WORK TO BE COMPLETED:
Search the records below for the string "outer" and report only the number of lines that contain it.

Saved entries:
*** Block opens ***

(* Let $X$ be an isotropic Lévy process in $\mathbb{R}^d$, $d\ge1$, with characteristic exponent $\xi\mapsto\psi(|\xi|)$, where $\psi(|\xi|)=a|\xi|^2+\int_{\mathbb{R}^d}(1-e^{i\xi\cdot x})\nu(dx)$ with $a\ge0$ and $\nu$ a Lévy measure. Suppose $\psi$ is differentiable on $(0,\infty)$ and that $g(\lambda)=\psi(\lambda)-\frac\lambda2\psi'(\lambda)$ varies regularly at $0$ (at $\infty$, respectively) with index $2\gamma$, where $\gamma\ge0$. Assume further that $a=0$ if $g$ varies regularly at $\infty$ with index $2\gamma\in[0,2)$. Then $\psi$ varies regularly at $0$ (at $\infty$, respectively) with index $2(1\wedge\gamma)$.
   Context: $X$ is isotropic with characteristic exponent $\xi\mapsto\psi(|\xi|)$ if $\mathbb{E}[e^{i\xi\cdot X_t}]=e^{-t\psi(|\xi|)}$. A function $\ell:(0,\infty)\to(0,\infty)$ varies regularly at $\infty$ (at $0$) with index $\alpha$ if $\ell(\lambda u)/\ell(u)\to\lambda^\alpha$ as $u\to\infty$ ($u\to0$) for every $\lambda>0$. $1\wedge\gamma=\min\{1,\gamma\}$. *)

theory Defs
  imports "HOL-Analysis.Analysis"
begin

definition regvar_at_top :: "(real \<Rightarrow> real) \<Rightarrow> real \<Rightarrow> bool" where
  "regvar_at_top l \<alpha> \<longleftrightarrow> (\<forall>u>0. l u > 0) \<and>
     (\<forall>c>0. ((\<lambda>u. l (c * u) / l u) \<longlongrightarrow> c powr \<alpha>) at_top)"

definition regvar_at_0 :: "(real \<Rightarrow> real) \<Rightarrow> real \<Rightarrow> bool" where
  "regvar_at_0 l \<alpha> \<longleftrightarrow> (\<forall>u>0. l u > 0) \<and>
     (\<forall>c>0. ((\<lambda>u. l (c * u) / l u) \<longlongrightarrow> c powr \<alpha>) (at_right 0))"

definition isotropic_levy_measure :: "(real ^ 'n) measure \<Rightarrow> bool" where
  "isotropic_levy_measure \<nu> \<longleftrightarrow>
     sets \<nu> = sets borel \<and> emeasure \<nu> {0} = 0 \<and>
     (\<integral>\<^sup>+ x. ennreal (min 1 (norm x ^ 2)) \<partial>\<nu>) < \<infinity> \<and>
     (\<forall>T. orthogonal_transformation T \<longrightarrow> distr \<nu> borel T = \<nu>)"

end

theory Submission
  imports Defs "HOL-Real_Asymp.Real_Asymp"
begin
(* Fix $\theta$ and $g\in\{r,c\}$, assume $c_\gamma\ge1$ and an integer $T_{\max}\ge2$. Let $s^0$ be an arbitrary (possibly random) initial state, generate $a^t\sim\pi_\theta(\cdot|s^t)$, $s^{t+1}\sim P(\cdot|s^t,a^t)$, set $z^t=(s^t,a^t,s^{t+1})$, let $Q\sim\mathrm{Geom}(1/2)$ independent of the trajectory, and define for $X\in\{\mathbf{A}_g(\theta;\cdot),\mathbf{b}_g(\cdot)\}$ $$X^j=2^{-j}\sum_{t=0}^{2^j-1}X(z^t),\qquad X^{\mathrm{MLMC}}=X^0+2^Q(X^Q-X^{Q-1})\mathbf{1}\{2^Q\le T_{\max}\}.$$ Then, for a universal constant $C$ (expectations over $Q$ and the trajectory, conditional on $s^0$): (a) $\|\mathbb{E}[\mathbf{A}^{\mathrm{MLMC}}]-\mathbf{A}_g(\theta)\|^2\le Cc_\gamma^2\tau_{\mathrm{mix}}T_{\max}^{-1}$; (b) $\|\mathbb{E}[\mathbf{b}^{\mathrm{MLMC}}]-\mathbf{b}_g(\theta)\|^2\le Cc_\gamma^2\tau_{\mathrm{mix}}T_{\max}^{-1}$; (c) $\mathbb{E}\|\mathbf{A}^{\mathrm{MLMC}}-\mathbf{A}_g(\theta)\|^2\le Cc_\gamma^2\tau_{\mathrm{mix}}\log T_{\max}$; (d) $\mathbb{E}\|\mathbf{b}^{\mathrm{MLMC}}-\mathbf{b}_g(\theta)\|^2\le Cc_\gamma^2\tau_{\mathrm{mix}}\log T_{\max}$.
   Context: Ergodic CMDP with finite $\mathcal{S},\mathcal{A}$, $r\in[0,1]$, $c\in[-1,1]$; every policy induces an irreducible aperiodic state chain $P^{\pi}(s,s')=\sum_a\pi(a|s)P(s'|s,a)$ with stationary distribution $d^\pi$; $\nu^\pi(s,a)=d^\pi(s)\pi(a|s)$. Mixing time: $\tau_{\mathrm{mix}}^\theta=\min\{t\ge1:\|(P^{\pi_\theta})^t(s,\cdot)-d^{\pi_\theta}\|_{\mathrm{TV}}\le1/4\ \forall s\}$ and $\tau_{\mathrm{mix}}=\sup_\theta\tau_{\mathrm{mix}}^\theta<\infty$. Feature map $\phi_g:\mathcal{S}\to\mathbb{R}^m$ with $\|\phi_g(s)\|\le1$. For $z=(s,a,s')$: $\mathbf{A}_g(\theta;z)=\begin{pmatrix}c_\gamma&0\\ \phi_g(s)&\phi_g(s)(\phi_g(s)-\phi_g(s'))^\top\end{pmatrix}$, $\mathbf{b}_g(z)=\begin{pmatrix}c_\gamma g(s,a)\\ g(s,a)\phi_g(s)\end{pmatrix}$; $\mathbf{A}_g(\theta)=\mathbb{E}_\theta[\mathbf{A}_g(\theta;z)]$, $\mathbf{b}_g(\theta)=\mathbb{E}_\theta[\mathbf{b}_g(z)]$, with $\mathbb{E}_\theta$ over $(s,a)\sim\nu^{\pi_\theta}$, $s'\sim P(\cdot|s,a)$. Matrix norms are operator norms. *)

theory Defs
  imports Complex_Main
begin

text \<open>Finite state set S and action set Act are carriers of natural numbers,
so that the universal constant C can be quantified before every problem
dimension.
Vectors in R^(m+1) are functions nat => real on indices {..m};
(m+1)x(m+1) matrices are functions nat => nat => real on {..m} x {..m}.
Index 0 is the first (scalar) block, index i+1 is feature coordinate i.\<close>

type_synonym trans = "nat \<times> nat \<times> nat"

definition is_kernel :: "nat set \<Rightarrow> nat set \<Rightarrow> (nat \<Rightarrow> nat \<Rightarrow> nat \<Rightarrow> real) \<Rightarrow> bool" where
  "is_kernel S Act P \<longleftrightarrow> (\<forall>s\<in>S. \<forall>a\<in>Act. (\<forall>s'\<in>S. P s a s' \<ge> 0) \<and> (\<Sum>s'\<in>S. P s a s') = 1)"

definition is_policy :: "nat set \<Rightarrow> nat set \<Rightarrow> (nat \<Rightarrow> nat \<Rightarrow> real) \<Rightarrow> bool" where
  "is_policy S Act \<pi> \<longleftrightarrow> (\<forall>s\<in>S. (\<forall>a\<in>Act. \<pi> s a \<ge> 0) \<and> (\<Sum>a\<in>Act. \<pi> s a) = 1)"

definition Ppi :: "nat set \<Rightarrow> (nat \<Rightarrow> nat \<Rightarrow> nat \<Rightarrow> real) \<Rightarrow> (nat \<Rightarrow> nat \<Rightarrow> real) \<Rightarrow> nat \<Rightarrow> nat \<Rightarrow> real" where
  "Ppi Act P \<pi> s s' = (\<Sum>a\<in>Act. \<pi> s a * P s a s')"

fun mpow :: "nat set \<Rightarrow> (nat \<Rightarrow> nat \<Rightarrow> real) \<Rightarrow> nat \<Rightarrow> nat \<Rightarrow> nat \<Rightarrow> real" where
  "mpow S K 0 s s' = (if s = s' then 1 else 0)"
| "mpow S K (Suc n) s s' = (\<Sum>u\<in>S. mpow S K n s u * K u s')"

definition irreducible :: "nat set \<Rightarrow> (nat \<Rightarrow> nat \<Rightarrow> real) \<Rightarrow> bool" where
  "irreducible S K \<longleftrightarrow> (\<forall>s\<in>S. \<forall>s'\<in>S. \<exists>n>0. mpow S K n s s' > 0)"

definition aperiodic :: "nat set \<Rightarrow> (nat \<Rightarrow> nat \<Rightarrow> real) \<Rightarrow> bool" where
  "aperiodic S K \<longleftrightarrow> (\<forall>s\<in>S. Gcd {n. n > 0 \<and> mpow S K n s s > 0} = 1)"

definition stationary :: "nat set \<Rightarrow> (nat \<Rightarrow> nat \<Rightarrow> real) \<Rightarrow> (nat \<Rightarrow> real) \<Rightarrow> bool" where
  "stationary S K d \<longleftrightarrow> (\<forall>s\<in>S. d s \<ge> 0) \<and> (\<forall>s. s \<notin> S \<longrightarrow> d s = 0) \<and>
     (\<Sum>s\<in>S. d s) = 1 \<and> (\<forall>s'\<in>S. d s' = (\<Sum>s\<in>S. d s * K s s'))"

text \<open>The (unique, under irreducibility) stationary distribution.\<close>
definition stat_dist :: "nat set \<Rightarrow> (nat \<Rightarrow> nat \<Rightarrow> real) \<Rightarrow> nat \<Rightarrow> real" where
  "stat_dist S K = (THE d. stationary S K d)"

text \<open>Total variation distance (sup over events = half the L1 distance).\<close>
definition tv :: "nat set \<Rightarrow> (nat \<Rightarrow> real) \<Rightarrow> (nat \<Rightarrow> real) \<Rightarrow> real" where
  "tv S \<mu> \<nu> = (\<Sum>s\<in>S. \<bar>\<mu> s - \<nu> s\<bar>) / 2"

definition mix_time :: "nat set \<Rightarrow> (nat \<Rightarrow> nat \<Rightarrow> real) \<Rightarrow> nat" where
  "mix_time S K = (LEAST t. t \<ge> 1 \<and> (\<forall>s\<in>S. tv S (mpow S K t s) (stat_dist S K) \<le> 1/4))"

definition vnorm :: "nat \<Rightarrow> (nat \<Rightarrow> real) \<Rightarrow> real" where
  "vnorm n x = sqrt (\<Sum>i<n. (x i)\<^sup>2)"

definition opnorm :: "nat \<Rightarrow> (nat \<Rightarrow> nat \<Rightarrow> real) \<Rightarrow> real" where
  "opnorm n M = Sup {vnorm n (\<lambda>i. \<Sum>j<n. M i j * x j) | x. vnorm n x \<le> 1}"

text \<open>A_g(theta; z) and b_g(z) in R^(m+1); phi s i is coordinate i < m of phi_g(s).\<close>
definition Amat :: "real \<Rightarrow> (nat \<Rightarrow> nat \<Rightarrow> real) \<Rightarrow> trans \<Rightarrow> nat \<Rightarrow> nat \<Rightarrow> real" where
  "Amat c\<gamma> \<phi> z i j = (case z of (s, a, s') \<Rightarrow>
     (if i = 0 then (if j = 0 then c\<gamma> else 0)
      else (if j = 0 then \<phi> s (i - 1) else \<phi> s (i - 1) * (\<phi> s (j - 1) - \<phi> s' (j - 1)))))"

definition bvec :: "real \<Rightarrow> (nat \<Rightarrow> nat \<Rightarrow> real) \<Rightarrow> (nat \<Rightarrow> nat \<Rightarrow> real) \<Rightarrow> trans \<Rightarrow> nat \<Rightarrow> real" where
  "bvec c\<gamma> \<phi> g z i = (case z of (s, a, s') \<Rightarrow>
     (if i = 0 then c\<gamma> * g s a else g s a * \<phi> s (i - 1)))"

definition statE :: "nat set \<Rightarrow> nat set \<Rightarrow> (nat \<Rightarrow> nat \<Rightarrow> nat \<Rightarrow> real) \<Rightarrow> (nat \<Rightarrow> nat \<Rightarrow> real)
    \<Rightarrow> (trans \<Rightarrow> real) \<Rightarrow> real" where
  "statE S Act P \<pi> F = (let d = stat_dist S (Ppi Act P \<pi>) in
     (\<Sum>s\<in>S. \<Sum>a\<in>Act. \<Sum>s'\<in>S. d s * \<pi> s a * P s a s' * F (s, a, s')))"

text \<open>Expectation of F(z^0,...,z^(n-1)) along the trajectory started at s
  (a^t ~ pi(.|s^t), s^(t+1) ~ P(.|s^t,a^t)).\<close>
fun traj_exp :: "nat set \<Rightarrow> nat set \<Rightarrow> (nat \<Rightarrow> nat \<Rightarrow> nat \<Rightarrow> real) \<Rightarrow> (nat \<Rightarrow> nat \<Rightarrow> real)
    \<Rightarrow> nat \<Rightarrow> nat \<Rightarrow> (trans list \<Rightarrow> real) \<Rightarrow> real" where
  "traj_exp S Act P \<pi> 0 s F = F []"
| "traj_exp S Act P \<pi> (Suc n) s F =
     (\<Sum>a\<in>Act. \<Sum>s'\<in>S. \<pi> s a * P s a s' * traj_exp S Act P \<pi> n s' (\<lambda>zs. F ((s, a, s') # zs)))"

definition lvl :: "(trans \<Rightarrow> real) \<Rightarrow> trans list \<Rightarrow> nat \<Rightarrow> real" where
  "lvl X zs j = (\<Sum>t<2^j. X (zs ! t)) / 2^j"

definition mlmc :: "(trans \<Rightarrow> real) \<Rightarrow> nat \<Rightarrow> nat \<Rightarrow> trans list \<Rightarrow> real" where
  "mlmc X Tmax q zs = lvl X zs 0 +
     (if 2^q \<le> Tmax then 2^q * (lvl X zs q - lvl X zs (q - 1)) else 0)"

text \<open>Joint expectation over Q ~ Geom(1/2) on {1,2,...} (P(Q=q) = 2^(-q)),
  independent of the trajectory from s0, of a quantity F q zs which depends only
  on the first 2^q transitions.\<close>
definition mlmc_exp :: "nat set \<Rightarrow> nat set \<Rightarrow> (nat \<Rightarrow> nat \<Rightarrow> nat \<Rightarrow> real) \<Rightarrow> (nat \<Rightarrow> nat \<Rightarrow> real)
    \<Rightarrow> nat \<Rightarrow> (nat \<Rightarrow> trans list \<Rightarrow> real) \<Rightarrow> real" where
  "mlmc_exp S Act P \<pi> s0 F = (\<Sum>k. (1/2)^(Suc k) * traj_exp S Act P \<pi> (2^(Suc k)) s0 (F (Suc k)))"

end
lemma unit_chart_compact_open_exhaustion:
  assumes "unit_chart t B" "continuous_on UNIV t"
  obtains A where "\<And>n. compact (A n)" "\<And>n. open (A n)" "\<And>n. A n \<subseteq> B" "incseq A" "(\<Union>n. A n) = B"
proof -
  have "open B" using assms(1) by (simp add: unit_chart_def)
  obtain C :: "nat \<Rightarrow> 'g set" where C: "\<And>n. C n \<in> compact_opens" "incseq C" "(\<Union>n. C n) = t ` B"
    using compact_opens_exhaust_open[OF unit_chart_image_open[OF assms(1) \<open>open B\<close> order_refl]]
    by blast
  define A where "A n = B \<inter> t -` C n" for n
  have "t ` A n = C n" for n
  proof
    show "t ` A n \<subseteq> C n" unfolding A_def by blast
    show "C n \<subseteq> t ` A n"
    proof
      fix y assume "y \<in> C n"
      then obtain x where "x \<in> B" "y = t x" using C(3) by blast
      then show "y \<in> t ` A n" using \<open>y \<in> C n\<close> unfolding A_def by blast
    qed
  qed
  have A_sub: "A n \<subseteq> B" for n by (simp add: A_def)
  show ?thesis
  proof
    show "A n \<subseteq> B" for n by (rule A_sub)
    have "compact (t ` A n)" for n
      using C(1)[of n] \<open>t ` A n = C n\<close> by (simp add: compact_opens_def)
    then show "compact (A n)" for n
      using unit_chart_compact_image_iff[OF assms(1) A_sub] by simp
    show "open (A n)" for n
      using C(1)[of n] \<open>open B\<close> open_vimage[OF _ assms(2)] unfolding A_def compact_opens_def by blast
    show "incseq A" using C(2) unfolding incseq_def A_def by blast
    show "(\<Union>n. A n) = B" using C(3) unfolding A_def by blast
  qed
qed

lemma open_bisection_in_charts:
  "unit_chart s B \<Longrightarrow> unit_chart r B \<Longrightarrow> open A \<Longrightarrow> A \<subseteq> B \<Longrightarrow> open_bisection s r A"
  unfolding open_bisection_def bisection_iff_unit_charts by blast

lemma compact_open_source_restriction:
  assumes "compact A" "open A" "C \<in> compact_opens"
  shows "compact (A \<inter> s -` C)" "open (A \<inter> s -` C)"
proof -
  have "closed C" "open C" using assms(3) by (auto simp: compact_opens_def compact_imp_closed)
  then show "compact (A \<inter> s -` C)" "open (A \<inter> s -` C)"
    using assms(1,2) continuous_s by (auto intro: compact_Int_closed closed_vimage open_vimage)
qed
theorem proposition1:
  fixes \<Omega> U :: "(real^3) set" and I :: "real set"
    and \<rho> s :: "real \<Rightarrow> real^3 \<Rightarrow> real" and v :: "real \<Rightarrow> real^3 \<Rightarrow> real^3"
    and u :: "real \<Rightarrow> real \<Rightarrow> real" and \<mu> \<kappa> :: real and K :: "real^3^3"
    and \<sigma> :: "(real^3) measure" and n :: "real^3 \<Rightarrow> real^3"
  assumes dom: "open \<Omega>" "connected \<Omega>" "bounded \<Omega>"
    and nbhd: "open U" "closure \<Omega> \<subseteq> U"
    and times: "open I"
    and bdry: "space \<sigma> = frontier \<Omega>" "\<forall>x\<in>frontier \<Omega>. norm (n x) = 1"
    and gauss: "\<forall>F :: real^3 \<Rightarrow> real^3. C1_on U F \<longrightarrow>
                  (divg F integrable_on \<Omega> \<and> integrable \<sigma> (\<lambda>x. F x \<bullet> n x) \<and>
                   integral \<Omega> (divg F) = (\<integral>x. F x \<bullet> n x \<partial>\<sigma>))"
    and K_nonneg: "\<forall>a. 0 \<le> a \<bullet> (K *v a)"
    and u_reg: "C3_on ({0<..} \<times> UNIV) (\<lambda>(a, b). u a b)"
    and reg: "C2_on (I \<times> U) (\<lambda>(t, x). \<rho> t x)" "C2_on (I \<times> U) (\<lambda>(t, x). v t x)"
             "C2_on (I \<times> U) (\<lambda>(t, x). s t x)"
    and pos: "\<forall>t\<in>I. \<forall>x\<in>U. 0 < \<rho> t x \<and> 0 < temp u (\<rho> t) (s t) x"
    and eq_rho: "\<forall>t\<in>I. \<forall>x\<in>\<Omega>. ((\<lambda>t. \<rho> t x) has_real_derivative rhs_rho (\<rho> t) (v t) x) (at t)"
    and eq_v: "\<forall>t\<in>I. \<forall>x\<in>\<Omega>.
                 ((\<lambda>t. v t x) has_vector_derivative rhs_v u \<mu> \<kappa> (\<rho> t) (v t) (s t) x) (at t)"
    and eq_s: "\<forall>t\<in>I. \<forall>x\<in>\<Omega>.
                 ((\<lambda>t. s t x) has_real_derivative rhs_s u \<mu> \<kappa> K (\<rho> t) (v t) (s t) x) (at t)"
  shows "(\<forall>t\<in>I. \<forall>x\<in>\<Omega>.
            ((\<lambda>t. (\<rho> t x, v t x, s t x)) has_vector_derivative
               J_op u \<mu> \<kappa> K (\<rho> t) (v t) (s t)
                 (eff_rho u (\<rho> t) (v t) (s t)) (eff_v (\<rho> t) (v t)) (eff_s u (\<rho> t) (s t)) x) (at t))
       \<and> (\<forall>t\<in>I.
            let T = temp u (\<rho> t) (s t); \<tau> = visc \<mu> \<kappa> (v t); qs = entflux K T;
                e\<^sub>\<rho> = eff_rho u (\<rho> t) (v t) (s t); e\<^sub>v = eff_v (\<rho> t) (v t)
            in ((\<lambda>t. Ham \<Omega> u (\<rho> t) (v t) (s t)) has_real_derivative
                  bnd_pairing \<sigma> e\<^sub>\<rho> \<tau> T
                    (\<lambda>x. - (e\<^sub>v x \<bullet> n x)) (\<lambda>x. - outer (v t x) (n x)) (\<lambda>x. - (qs x \<bullet> n x))) (at t)
             \<and> bnd_pairing \<sigma> e\<^sub>\<rho> \<tau> T
                 (\<lambda>x. - (e\<^sub>v x \<bullet> n x)) (\<lambda>x. - outer (v t x) (n x)) (\<lambda>x. - (qs x \<bullet> n x))
               = - (\<integral>x. e\<^sub>\<rho> x * (e\<^sub>v x \<bullet> n x) + ddot (\<tau> x) (outer (v t x) (n x))
                        + T x * (qs x \<bullet> n x) \<partial>\<sigma>))"
proof -
  have J: "J_op u \<mu> \<kappa> K (\<rho> t) (v t) (s t)
        (eff_rho u (\<rho> t) (v t) (s t)) (eff_v (\<rho> t) (v t)) (eff_s u (\<rho> t) (s t)) x
      = (rhs_rho (\<rho> t) (v t) x, rhs_v u \<mu> \<kappa> (\<rho> t) (v t) (s t) x, rhs_s u \<mu> \<kappa> K (\<rho> t) (v t) (s t) x)"
    if "t \<in> I" "x \<in> \<Omega>" for t x
    using pos that nbhd(2) closure_subset[of \<Omega>] by (intro J_op_efforts[OF nbhd(1)]) auto
  have "((\<lambda>t. Ham \<Omega> u (\<rho> t) (v t) (s t)) has_real_derivative
      - (\<integral>x. energy_flux u \<mu> \<kappa> K (\<rho> t) (v t) (s t) x \<bullet> n x \<partial>\<sigma>)) (at t)" if "t \<in> I" for t
    using gauss pos eq_rho eq_v eq_s that
    by (intro Ham_has_real_derivative_energy_flux[OF dom(1,3) nbhd times that _ u_reg reg]) auto
  then show ?thesis
    unfolding Let_def bnd_pairing_uminus_flows energy_flux_inner
    using J eq_rho eq_v eq_s
    by (auto intro!: has_vector_derivative_Pair simp: has_real_derivative_iff_has_vector_derivative)
qed
(* Let $k,r\in\mathbb N$ with $r\ge2$, and let $H_1,\dots,H_r$ be graphs, $\mathbf H=(H_i)_{i\in[r]}$. Then $\mathcal B(\mathbf H)\subset\mathcal B'(\mathbf H)$.
   Context: Constants: $\delta=r^{-50}$, $p=\frac1{2^{25}k^2r^4}$. Hypergraphs are identified with their edge sets; $\mathcal G[S]=\{E\in\mathcal G:E\subset S\}$. For $\nu:\mathcal G\to\mathbb R_{\ge0}$: $e(\nu)=\sum_E\nu(E)$, $d_\nu(L)=\sum_{E\in\mathcal G,L\subset E}\nu(E)$, $\Lambda_p(\nu)=\sum_{L\subset V(\mathcal G),|L|\ge2}d_\nu(L)^2p^{-|L|}$. For $R>0$, $\mathcal G$ is $(p,R)$-Janson if some $\nu:\mathcal G\to\mathbb R_{\ge0}$ has $\Lambda_p(\nu)<e(\nu)^2/R$. For graphs $F,G$ and $G'\subset G$, $\mathfrak I_{F,G',G}$ is the hypergraph on $V(G)$ whose edges are the sets $L\subset V(G)$ with $G'[L]=G[L]\cong F$. For a colouring $c$ of edges with colours in $[r]$, $G_i$ is the subgraph of edges of colour $i$. $\mathcal B(\mathbf H)$ is the family of graphs $G$ for which some colouring $c:E(G)\to[r]$ makes $\mathfrak I_{H_i,G_i,G}$ not $(p,p\,v(G))$-Janson for every $i\in[r]$. $\mathcal B'(\mathbf H)$ is the family of graphs $G$ for which there exist $S\subset V(G)$ with $|S|\ge\delta^{2/3}v(G)$ and a colouring $c:E(G[S])\to[r]$ such that $\mathfrak I_{H_i,G_i,G}[S]$ is not $(p,2^{-9}r^{-1}\delta p\,v(G))$-Janson for every $i\in[r]$. *)

theory Defs
  imports Complex_Main
begin

type_synonym 'a graph = "'a set \<times> 'a set set"

definition V :: "'a graph \<Rightarrow> 'a set" where "V G = fst G"
definition E :: "'a graph \<Rightarrow> 'a set set" where "E G = snd G"

definition wf_graph :: "'a graph \<Rightarrow> bool" where
  "wf_graph G \<longleftrightarrow> finite (V G) \<and> E G \<subseteq> {e. e \<subseteq> V G \<and> card e = 2}"

definition vnum :: "'a graph \<Rightarrow> real" where "vnum G = real (card (V G))"

definition induced :: "'a graph \<Rightarrow> 'a set \<Rightarrow> 'a graph" where
  "induced G L = (L, {e \<in> E G. e \<subseteq> L})"

definition graph_iso :: "'b graph \<Rightarrow> 'a graph \<Rightarrow> bool" where
  "graph_iso F G \<longleftrightarrow> (\<exists>f. bij_betw f (V F) (V G) \<and>
      (\<forall>u\<in>V F. \<forall>v\<in>V F. {u, v} \<in> E F \<longleftrightarrow> {f u, f v} \<in> E G))"

text \<open>Hypergraphs are identified with their edge sets; the vertex set is passed explicitly.\<close>
definition hg_restrict :: "'a set set \<Rightarrow> 'a set \<Rightarrow> 'a set set" where
  "hg_restrict \<G> S = {X \<in> \<G>. X \<subseteq> S}"

definition e_nu :: "'a set set \<Rightarrow> ('a set \<Rightarrow> real) \<Rightarrow> real" where
  "e_nu \<G> \<nu> = (\<Sum>X\<in>\<G>. \<nu> X)"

*** Block closes ***

ANSWER FOR THE TASK:
3